Predicting Crime in Baltimore

A map of Baltimore’s neighborhoods and their murder rates

Inspired by a rewatching of The Wire, I decided to look at crime data for Baltimore, Maryland. Baltimore has also been in the news recently for its high murder rate, with headlines like “Baltimore murder rate worse than Honduras, El Salvador, Guatemala”, so I took a specific look at rates and locations of murders as well.

(Source: Princeton Policy Advisors)

As an aside, note that this headline and chart are rather misleading. Comparing the homicide rates of densely populated urban environments like Baltimore to entire countries is not particularly informative, since rural environments tend to have lower murder rates and will drive down the average rate. For a closer comparison: San Salvador, El Salvador’s capitol city, has a murder rate of 59.06 (per year per 100,000 people), significantly higher than that of the country as a whole. While it is true that Baltimore has a higher murder rate than both Honduras’s San Pedro Sula (51.18) and Guatemala City (53.49), which are each country’s most murderous cities, the difference is not nearly as extreme.

The Data

For this project I used Baltimore’s public victim-based crime data, in which over 250,000 crimes are reported. The data predominantly covers the years after 2012, and the data is updated on a weekly basis. In order to focus on predictive ability of the model I was using, I split the data based on year for training and testing. Everything before 2018 I used to train the classifier and everything else was used for testing.

The Goal

I initially attempted to predict what type (homicide, burglary, etc.) a specific crime was based on various criteria. Using a random forest classifier I was only able to increase the accuracy above the majority classifier baseline by about 5%. Guessing that every crime was larceny would have yielded an accuracy of 22.3%, while the classifier managed to achieve 27.8% accuracy.

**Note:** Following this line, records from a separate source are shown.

text \<open>Holomorphic functions are \<open>C\<^sup>1\<close>: by Cauchy's inequality on complex lines, the
  variation of the derivative is controlled by the (uniformly small) variation of the
  function itself.\<close>
lemma cderiv_at_continuous:
  fixes g :: "complex^'k::finite \<Rightarrow> complex"
  assumes W: "open W" and der: "\<forall>z\<in>W. cderiv_at g (G z) z" and z0: "z0 \<in> W"
  shows "continuous (at z0) (\<lambda>z. G z h)"
proof -
  obtain r where r: "r > 0" "cball z0 (2 * r) \<subseteq> W"
    using W z0 open_contains_cball by (metis field_sum_of_halves half_gt_zero_iff mult_2)
  define \<rho> where "\<rho> = r / (norm h + 1)"
  have "norm h + 1 > 0"
    by (simp add: add_nonneg_pos)
  then have \<rho>: "\<rho> > 0" "\<rho> * norm h \<le> r"
    using r by (simp_all add: \<rho>_def pos_divide_le_eq algebra_simps)
  have near: "y + cscale \<zeta> h \<in> cball z0 (2 * r)" if "dist y z0 < r" "cmod \<zeta> \<le> \<rho>" for y \<zeta>
  proof -
    have "norm (cscale \<zeta> h) \<le> r"
      unfolding norm_cscale using that \<rho> by (metis mult_right_mono norm_ge_zero order_trans)
    then show ?thesis
      using that norm_triangle_ineq[of "y - z0" "cscale \<zeta> h"]
      by (simp add: dist_norm norm_minus_commute algebra_simps)
  qed
  have "continuous_on (cball z0 (2 * r)) g"
    using r der unfolding cderiv_at_def
    by (intro continuous_at_imp_continuous_on) (auto intro: has_derivative_continuous)
  then have unif: "uniformly_continuous_on (cball z0 (2 * r)) g"
    by (rule compact_uniformly_continuous) simp
  show ?thesis
    unfolding continuous_at_eps_delta
  proof (intro allI impI)
    fix e :: real assume "e > 0"
    then obtain d where d: "d > 0" "\<forall>x\<in>cball z0 (2 * r). \<forall>x'\<in>cball z0 (2 * r).
        dist x' x < d \<longrightarrow> dist (g x') (g x) < e * \<rho> / 2"
      using unif \<rho> unfolding uniformly_continuous_on_def by (metis half_gt_zero mult_pos_pos)
    have "cmod (G z h - G z0 h) \<le> e * \<rho> / 2 / \<rho>" if z: "dist z z0 < min d r" for z
    proof (rule cderiv_at_difference_Cauchy_bound[OF der \<open>\<rho> > 0\<close>])
      show "z + cscale \<zeta> h \<in> W \<and> z0 + cscale \<zeta> h \<in> W" if "cmod \<zeta> \<le> \<rho>" for \<zeta>
        using near[OF _ that, of z] near[OF _ that, of z0] z r by auto
      show "cmod (g (z + cscale \<zeta> h) - g (z0 + cscale \<zeta> h)) \<le> e * \<rho> / 2"
        if "cmod \<zeta> = \<rho>" for \<zeta>
        using d(2) near[of z \<zeta>] near[of z0 \<zeta>] z r that
        by (fastforce simp: dist_norm)
    qed
    then have "dist (G z h) (G z0 h) < e" if "dist z z0 < min d r" for z
      using that \<open>e > 0\<close> \<rho> by (fastforce simp: dist_norm)
    then show "\<exists>\<delta>>0. \<forall>z. dist z z0 < \<delta> \<longrightarrow> dist (G z h) (G z0 h) < e"
      using d r by (intro exI[of _ "min d r"]) auto
  qed
qed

When I did my first predictions, I was excited to see an accuracy score of almost double the baseline, but realized that I had included columns that provided information about the specific location of the crime that was committed. These descriptions are definitionally connected to crimes such as home robbery, so using them for prediction purposes would not be particularly informative. Adding ‘premise’ back into the model, the accuracy shoots up to 37.3%. Surprisingly, adding demographic data for neighborhoods actually caused the score to worsen.

Time Predicts Crime

No matter what features or classifier you use, the time of the crime is always the most important feature for predicting its type.

Unsurprisingly, the rate of crime also fluctuated with the time of day, as shown below. Each circle represents the rate of crime for a neighborhood of Baltimore across hours of the day.

Crime rate by hour of the day in Baltimore.

Crime rates remain low from around 2–6AM and rise throughout the day until a slight dip starting around 6PM. Downtown Baltimore is an especially prevalent area for crime throughout most of the day, but at certain times is outpaced by some neighborhoods in West Baltimore.


Let’s return to Baltimore’s infamous murder rate. Of the 277 neighborhoods listed in the dataset, just 25 are responsible for over half of all murders. While downtown Baltimore has the greatest proportion of crime overall, it has a relatively low murder rate (3 in 2018). Meanwhile, Allendale, Sandtown-Winchester, (both in West Baltimore), Upton (the location of “The Pit” in The Wire, also West Baltimore) and Brooklyn (South Baltimore) all had 10 or more murders in 2018.

Baltimore murders in 2018. Larger circles indicate neighborhoods with more murders.

While the East Baltimore neighborhoods of Belair-Edison and Frankford are high-crime areas, their murder rate is lower than many neighborhoods in West Baltimore.

As should be expected, crime is very difficult to predict at any fine level of detail. To the degree that it is predictable (certain neighborhoods have high crime rates, and time of day plays a significant role), these factors are fairly easy to recognize without scientific analysis.

If you’re a fan of The Wire, check out this awesome map of event locations to see the similarities and differences between the real and fictional Baltimores.

If you’re not a fan of The Wire, you must not have watched it yet!